OTHER EXEMPLARY EMBODIMENTS

[0173] As described above, the exemplary embodiment has been described as an example of the technique in the present disclosure. However, the technique in the present disclosure is not limited to the above exemplary embodiment and can also be applied to an exemplary embodiment in which modification, replacement, addition, removal, or the like is performed appropriately. In addition, it is also possible to combine components described in the above exemplary embodiment to form a new exemplary embodiment. Thus, other exemplary embodiments will be exemplified below.

First Modification

[0174] In the above exemplary embodiment, the example has been described in which initial state estimation processing S3 and progress state estimation processing S4 are switched according to whether or not the predetermined period has elapsed since the tool replacement is performed (see FIG. 7).
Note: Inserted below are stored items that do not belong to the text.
(* Let $F=\begin{pmatrix}0&-1&0\\-1&4&-1\\0&-1&0\end{pmatrix}$ (edge detect B filter). Then for all $m,n\in\mathbb{N}$, it is not the case that the equation $F*X=B$ with the reflexive boundary condition, for unknown $X\in\mathbb{R}^{m\times n}$, has a unique solution for every $B\in\mathbb{R}^{m\times n}$.
   Context: For $F=[f_{ij}]\in\mathbb{R}^{3\times3}$ and $X=[x_{ij}]\in\mathbb{R}^{m\times n}$, the convolution $F*X\in\mathbb{R}^{m\times n}$ is defined by $[F*X]_{ij}=\sum_{l_1=1}^3\sum_{l_2=1}^3 f_{l_1l_2}\,x_{i-l_1+2,\,j-l_2+2}$ for $1\le i\le m$, $1\le j\le n$, where the reflexive boundary condition sets $x_{0j}=x_{1j}$, $x_{m+1,j}=x_{mj}$, $x_{i0}=x_{i1}$, $x_{i,n+1}=x_{in}$ (for all indices $i\in\{0,\dots,m+1\}$, $j\in\{0,\dots,n+1\}$, so corners are also determined, e.g. $x_{00}=x_{11}$). *)

theory Defs
  imports Main "HOL.Real"
begin

text \<open>An m x n real matrix is represented as a function nat => nat => real
  whose entries are indexed by 1..m and 1..n and which vanishes elsewhere.\<close>
definition mat_space :: "nat \<Rightarrow> nat \<Rightarrow> (nat \<Rightarrow> nat \<Rightarrow> real) set" where
  "mat_space m n = {X. \<forall>i j. \<not> (1 \<le> i \<and> i \<le> m \<and> 1 \<le> j \<and> j \<le> n) \<longrightarrow> X i j = 0}"

text \<open>Reflexive boundary extension: x_{0j} = x_{1j}, x_{m+1,j} = x_{mj}, etc.
  (for indices 0..m+1 and 0..n+1, clamping to the range).\<close>
definition refl_ext :: "nat \<Rightarrow> nat \<Rightarrow> (nat \<Rightarrow> nat \<Rightarrow> real) \<Rightarrow> nat \<Rightarrow> nat \<Rightarrow> real" where
  "refl_ext m n X i j = X (min (max i 1) m) (min (max j 1) n)"

definition conv_refl :: "(nat \<Rightarrow> nat \<Rightarrow> real) \<Rightarrow> nat \<Rightarrow> nat \<Rightarrow> (nat \<Rightarrow> nat \<Rightarrow> real) \<Rightarrow> nat \<Rightarrow> nat \<Rightarrow> real" where
  "conv_refl f m n X i j =
     (if 1 \<le> i \<and> i \<le> m \<and> 1 \<le> j \<and> j \<le> n then
        (\<Sum>l1\<in>{1..3}. \<Sum>l2\<in>{1..3}. f l1 l2 * refl_ext m n X (i + 2 - l1) (j + 2 - l2))
      else 0)"

definition filter_of :: "real list list \<Rightarrow> nat \<Rightarrow> nat \<Rightarrow> real" where
  "filter_of F l1 l2 = F ! (l1 - 1) ! (l2 - 1)"

definition edge_detect_B :: "nat \<Rightarrow> nat \<Rightarrow> real" where
  "edge_detect_B = filter_of [[0, -1, 0], [-1, 4, -1], [0, -1, 0]]"

end

theory Submission
  imports Defs
begin

(* The edge detect B filter has entry sum 0, and under the reflexive boundary condition a
   constant image is convolved to the entry sum times itself.  So the constant image 1 and
   the zero image are two solutions of F * X = 0. *)

definition ones_mat :: "nat \<Rightarrow> nat \<Rightarrow> nat \<Rightarrow> nat \<Rightarrow> real" where
  "ones_mat m n i j = (if 1 \<le> i \<and> i \<le> m \<and> 1 \<le> j \<and> j \<le> n then 1 else 0)"

definition filter_sum :: "(nat \<Rightarrow> nat \<Rightarrow> real) \<Rightarrow> real" where
  "filter_sum f = (\<Sum>l1\<in>{1..3}. \<Sum>l2\<in>{1..3}. f l1 l2)"

lemma ones_mat_in_mat_space: "ones_mat m n \<in> mat_space m n"
  by (simp add: mat_space_def ones_mat_def)

lemma ones_mat_nonzero:
  assumes "1 \<le> m" and "1 \<le> n"
  shows "ones_mat m n \<noteq> (\<lambda>i j. 0)"
proof
  assume "ones_mat m n = (\<lambda>i j. 0)"
  then have "ones_mat m n 1 1 = 0" by simp
  with assms show False by (simp add: ones_mat_def)
qed

lemma refl_ext_ones_mat:
  assumes "1 \<le> m" and "1 \<le> n"
  shows "refl_ext m n (ones_mat m n) i j = 1"
  using assms by (simp add: refl_ext_def ones_mat_def)

lemma conv_refl_ones_mat:
  assumes "1 \<le> m" and "1 \<le> n"
  shows "conv_refl f m n (ones_mat m n) = (\<lambda>i j. filter_sum f * ones_mat m n i j)"
  by (intro ext) (simp add: conv_refl_def refl_ext_ones_mat[OF assms] filter_sum_def ones_mat_def)

lemma conv_refl_zero: "conv_refl f m n (\<lambda>i j. 0) = (\<lambda>i j. 0)"
  by (intro ext) (simp add: conv_refl_def refl_ext_def)

lemma conv_refl_not_uniquely_solvable:
  assumes "1 \<le> m" and "1 \<le> n" and "filter_sum f = 0"
  shows "\<not> (\<forall>B \<in> mat_space m n. \<exists>!X. X \<in> mat_space m n \<and> conv_refl f m n X = B)"
proof
  let ?zero = "\<lambda>i j. 0 :: real"
  have zero_in_space: "?zero \<in> mat_space m n" by (simp add: mat_space_def)
  assume "\<forall>B \<in> mat_space m n. \<exists>!X. X \<in> mat_space m n \<and> conv_refl f m n X = B"
  then have "\<exists>!X. X \<in> mat_space m n \<and> conv_refl f m n X = ?zero"
    using zero_in_space by blast
  moreover have "conv_refl f m n (ones_mat m n) = ?zero"
    using assms(3) by (simp add: conv_refl_ones_mat[OF assms(1,2)])
  ultimately have "ones_mat m n = ?zero"
    using ones_mat_in_mat_space zero_in_space conv_refl_zero by (metis (no_types, lifting))
  with ones_mat_nonzero[OF assms(1,2)] show False ..
qed

lemma filter_sum_edge_detect_B: "filter_sum edge_detect_B = 0"
proof -
  have "{1..3::nat} = {1, 2, 3}" by auto
  then show ?thesis by (simp add: filter_sum_def edge_detect_B_def filter_of_def)
qed

theorem corollary12:
  fixes m n :: nat
  assumes "1 \<le> m" and "1 \<le> n"
  shows "\<not> (\<forall>B \<in> mat_space m n. \<exists>!X. X \<in> mat_space m n \<and> conv_refl edge_detect_B m n X = B)"
  using conv_refl_not_uniquely_solvable[OF assms filter_sum_edge_detect_B] .

end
However, the present disclosure is not limited thereto. For example, CPU 1 may switch between initial state estimation processing S3 and progress state estimation processing S4 according to whether or not the matching degree obtained in step S332 of initial state estimation processing S3 executed immediately before is within a predetermined range.

[0175] For example, in a case where the matching degree in step S332 is within the predetermined range (for example, in a case where the matching degree is a predetermined value or more), CPU 1 determines that the predetermined period has elapsed since the tool replacement (Yes in S2), and executes progress state estimation processing S4. On the other hand, in a case where the matching degree is not within the predetermined range, CPU 1 determines that the predetermined period has not elapsed since the tool replacement (No in S2), and executes initial state estimation processing S3.
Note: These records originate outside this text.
lemma mean_total_less_full_sharing:
  assumes "nat \<lfloor>k1\<rfloor> < N1 \<or> nat \<lfloor>k2\<rfloor> < N2"
  shows "mean_total < bounded_overflow.mean_total N1 N2 l1 l2 m1 m2 (real N1) (real N2)"
proof -
  interpret full: bounded_overflow N1 N2 l1 l2 m1 m2 "real N1" "real N2"
    using l1_pos l2_pos m1_pos m2_pos by unfold_locales
  define n where "n = N1 + N2"
  have "0 < n" using assms by (auto simp: n_def)
  have "(\<Sum>m\<le>n. real m * level_weight m) * (\<Sum>m\<le>n. full.level_weight m)
      < (\<Sum>m\<le>n. real m * full.level_weight m) * (\<Sum>m\<le>n. level_weight m)"
    using \<open>0 < n\<close> level_weight_Suc_le level_weight_Suc_less[OF assms]
      full.level_weight_full_sharing_pos full.level_weight_full_sharing_Suc
    by (intro mean_less_of_Suc_ratio[where a = "a1 + a2"]) (auto simp: n_def)
  moreover have "0 < (\<Sum>m\<le>n. level_weight m)" "0 < (\<Sum>m\<le>n. full.level_weight m)"
    using normalizer_pos full.normalizer_pos
    by (simp_all add: n_def normalizer_eq full.normalizer_eq)
  ultimately show ?thesis
    unfolding mean_total_eq full.mean_total_eq n_def[symmetric] by (simp add: field_simps)
qed

lemma sum_weight_no_borrowing:
  assumes "k1 = 0" "k2 = 0"
  shows "(\<Sum>s\<in>S. weight s * g s) =
    (\<Sum>n1\<le>N1. \<Sum>n2\<le>N2. a1 ^ n1 / fact n1 * (a2 ^ n2 / fact n2) * g (n1, n2))"
proof -
  have weight: "weight (n1, n2) =
      (if n1 \<le> N1 \<and> n2 \<le> N2 then a1 ^ n1 / fact n1 * (a2 ^ n2 / fact n2) else 0)" for n1 n2
    unfolding weight_def using assms
    by (auto simp: bo_states_def poisson_weight_def admit_prod_no_borrowing)
  have "{..N1} \<times> {..N2} \<subseteq> S" by (auto simp: bo_states_def)
  then have "(\<Sum>s\<in>S. weight s * g s) = (\<Sum>s\<in>{..N1} \<times> {..N2}. weight s * g s)"
    by (intro sum.mono_neutral_right[OF finite_bo_states]) (auto simp: weight split: if_splits)
  also have "\<dots> = (\<Sum>(n1, n2)\<in>{..N1} \<times> {..N2}.
      a1 ^ n1 / fact n1 * (a2 ^ n2 / fact n2) * g (n1, n2))"
    by (intro sum.cong refl) (auto simp: weight)
  finally show ?thesis by (simp add: sum.cartesian_product)
qed
(* In the off-critical regime ($L\gg1$, $L^{-d/(d+1)}\ll\phi\ll1$) or the critical regime ($\phi=\xi L^{-d/(d+1)}$, $L\gg1$), there exist constants $C,R_0<\infty$ such that for any $R\ge R_0$ and $r_\eta\in[R,r_+]$, $$\int_\Omega v_R(|x|-r_\eta)\,dx=L^d(-1+\phi\eta)+r_\eta^{d-2}\big(C_1+O(e^{-R/C})\big)+\epsilon,$$ where $C_1=(d-1)\sigma_d\int_{-\infty}^\infty(\mathrm{sgn}(\xi)+v(\xi))\xi\,d\xi>0$ and $\epsilon=O(e^{-R/C})$ for $d=2,3$, $\epsilon=O(r_\eta^{d-4})$ for $d\ge4$. Consequently, the constant $\alpha(\eta)$ for which $u_\eta(x)=v_R(|x|-r_\eta)+\alpha(\eta)$ belongs to $X_\phi$ satisfies $$\alpha(\eta)=\phi(1-\eta)-\frac{C_1}{L^d}r_\eta^{d-2}\big(1+O(e^{-R/C})\big)-\frac1{L^d}O(r_\eta^{d-4}).$$
   Context: $\Omega=[-L/2,L/2]^d$ flat torus, $d\ge2$, $|x|$ the Euclidean norm of $x\in[-L/2,L/2]^d$; $X_\phi=\{u\in H^1\cap L^4(\Omega):\frac1{L^d}\int_\Omega u=-1+\phi\}$. $\sigma_d$ = surface area of $S^{d-1}$. $v(x)=-\tanh(x/\sqrt2)$; $v_R$ is an odd function with $v_R=v$ on $|x|<R$, $v_R=-\mathrm{sgn}(x)$ for $|x|>2R$, smooth monotone interpolation on $R\le|x|\le2R$. For $\eta\in[0,1]$, $r_\eta=\eta^{1/d}(\phi d/(2\sigma_d))^{1/d}L$, and $r_+$ is the radius of the ball of volume $V_+=\phi L^d/2$ (i.e. $r_+=r_1$). The $O(\cdot)$ constants are independent of $R,\eta,\phi,L$. *)

theory Defs
  imports "HOL-Analysis.Analysis"
begin

definition vprof :: "real \<Rightarrow> real" where
  "vprof x = - tanh (x / sqrt 2)"

definition sigma_d :: "nat \<Rightarrow> real" where
  "sigma_d d = 2 * pi powr (real d / 2) / Gamma (real d / 2)"

text \<open>The flat torus Omega = [-L/2, L/2]^d, represented by its fundamental box.\<close>
definition torus_box :: "real \<Rightarrow> 'a::euclidean_space set" where
  "torus_box L = cbox (- ((L / 2) *\<^sub>R One)) ((L / 2) *\<^sub>R One)"

definition C1 :: "nat \<Rightarrow> real" where
  "C1 d = (real d - 1) * sigma_d d * integral UNIV (\<lambda>t. (sgn t + vprof t) * t)"

definition r_eta :: "nat \<Rightarrow> real \<Rightarrow> real \<Rightarrow> real \<Rightarrow> real" where
  "r_eta d L \<phi> \<eta> = \<eta> powr (1 / real d) * (\<phi> * real d / (2 * sigma_d d)) powr (1 / real d) * L"

definition admissible_vR :: "(real \<Rightarrow> real \<Rightarrow> real) \<Rightarrow> bool" where
  "admissible_vR vR \<longleftrightarrow> (\<forall>R>0.
      (\<forall>x. vR R (- x) = - vR R x)
    \<and> (\<forall>x. \<bar>x\<bar> < R \<longrightarrow> vR R x = vprof x)
    \<and> (\<forall>x. \<bar>x\<bar> > 2 * R \<longrightarrow> vR R x = - sgn x)
    \<and> (\<forall>k x. (deriv ^^ k) (vR R) differentiable (at x))
    \<and> (\<forall>x y. R \<le> x \<longrightarrow> x \<le> y \<longrightarrow> y \<le> 2 * R \<longrightarrow> vR R y \<le> vR R x))"

end

theory Submission
  imports Defs "HOL-Real_Asymp.Real_Asymp"
begin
[0176] In the present modification, in a case where the state estimation is accurately performed by initial state estimation processing S3, the shift to the execution of the progress state estimation processing S4 can be promptly performed. Therefore, in the present modification, even in a case where wear progresses quickly, the estimation processing can be accurately performed.

Second Modification

[0177] In the above exemplary embodiment, the example has been described in which whether or not to execute steps S44 and S45 is switched according to whether or not the predetermined period has elapsed since the last update of the tool state parameter (S43) (see FIG. 12). However, the present disclosure is not limited thereto. For example, CPU 1 may switch whether or not to execute steps S44 and S45 according to whether or not the matching degree obtained in step S422 of workpiece thickness estimation processing S42 executed immediately before is within a predetermined range.

[0178] For example, in a case where the matching degree obtained in step S422 is within the predetermined range (for example, in a case where the matching degree is a predetermined value or more), CPU 1 determines that the predetermined period has not elapsed (No in S43), and terminates step S4. On the other hand, in a case where the matching degree is not within the predetermined range, it is determined that the predetermined period has elapsed (Yes in S43), and steps S44 and S45 are executed.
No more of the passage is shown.